Active sensitivity and receptivity to the way the world is, are as much required of the explorer and artisan as of the believer. And discovery, like belief, is importantly passive.

It is clear then, that acting at will (in the sense of basic or nonbasic immediate voluntary control), cannot be required by responsibility for belief or for various accomplishments and conditions in general. On the contrary, our activity and responsi bility for a particular condition--such as belief--must take account of the way in which these conditions are embedded in, produced by, and conclude various practices and actions. Responsibility, then, as Alston and Stocker suggest, passes from the practices and actions to their results. It is an open question whether we can further push this point to say that the will is so shaped by practice and action that belief is acquired willingly, drawn to the intellect by the will as objects are drawn to the earth by gravity. If so, that is why we believe that p rather than doubt or hope that p. That is also the position of Aquinas, Jonathan Edwards, and John Henry Newman, I think, and, in another guise, Nietzsche and Foucault (cf. Ross 1984; St ump 1991; Edwards 1858b:1ff., 1858a:1-189; Newman 1979; Nehemas 1985:42-73; Deleuze 1983:94-110; Rouse 1994:92-114). I shall not dispute that point presently, however, for we have, I believe, already shown what we need in order to ground responsibility f or belief.

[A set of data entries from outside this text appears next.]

subsection \<open>Finitely and infinitely sampled alternatives\<close>

definition "sampled_finitely h \<longleftrightarrow> (\<exists>N. \<forall>r. c r h \<le> N)"
definition "S_inf = {h. h < k \<and> \<not> sampled_finitely h}"
definition "S_fin = {h. h < k \<and> sampled_finitely h}"
definition "final_count h = (SOME C. eventually (\<lambda>r. c r h = C) sequentially)"

lemma eventually_final_count:
  assumes "sampled_finitely h" shows "eventually (\<lambda>r. c r h = final_count h) sequentially"
proof -
  obtain N where N: "\<And>r. c r h \<le> N" using assms unfolding sampled_finitely_def by blast
  hence fin: "finite (range (\<lambda>r. c r h))" by (meson finite_atMost finite_subset image_subsetI atMost_iff)
  hence "Max (range (\<lambda>r. c r h)) \<in> range (\<lambda>r. c r h)" by (intro Max_in) auto
  then obtain r0 where r0: "c r0 h = Max (range (\<lambda>r. c r h))" by auto
  have "eventually (\<lambda>r. c r h = c r0 h) sequentially"
    unfolding eventually_sequentially
  proof (intro exI allI impI)
    fix r assume "r0 \<le> r"
    hence "c r0 h \<le> c r h" using incseq_c[of h] by (simp add: incseq_def)
    moreover have "c r h \<le> c r0 h" unfolding r0 using fin by (intro Max_ge) auto
    ultimately show "c r h = c r0 h" by simp
  qed
  thus ?thesis unfolding final_count_def by (rule someI)
qed

lemma filterlim_c_at_top:
  assumes "\<not> sampled_finitely h" shows "filterlim (\<lambda>r. c r h) at_top sequentially"
  unfolding filterlim_at_top
proof
  fix N :: nat
  obtain r0 where "N < c r0 h" using assms unfolding sampled_finitely_def by (meson not_le)
  thus "eventually (\<lambda>r. N \<le> c r h) sequentially"
    unfolding eventually_sequentially using incseq_c[of h] by (meson incseq_def less_imp_le order_trans)
qed

lemma final_count_pos: assumes "sampled_finitely h" shows "1 \<le> final_count h"
proof -
  obtain r where "c r h = final_count h"
    using eventually_happens'[OF _ eventually_final_count[OF assms]] by auto
  thus ?thesis using c_ge_n0[of r h] n0_pos by linarith
qed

Proper assessment of human responsibility calls for a proper assessment of human life and practice. Deceptively simple cases of responsibility and activity--raising one's arm, opening a door, holding one's breath--ought not to serve as paradigms for the whole of responsibility and activity. Perhaps acting at will is more the special case than the general concept. In any case, we must keep in mind the nature of responsibility--we are the created Images of God and it is to the Archetype that we are responsible (Ge 1:26-20). Nevertheless, we must remember that we are created Images and not the Archetype. We lack omnipotence and fall far short of pure act. For us there are times and seasons:

a time to weep and a time to laugh;
a time for mourning and a time for dancing;
a time to scatter stones and a time to gather them;
a time to embrace and a time to refrain from embracing;
a time to seek and a time to lose;
a time to keep and a time to throw away;
a time to tear and a time to mend
a time for silence and a time for speech...
(Ecclesiastes 3:4-7)

We labor in time, by activities, acquiring habits, engaging practices, and with more or less success. To see all responsibility located in simple acts of will is to yield to the temptation to see ourselves as gods.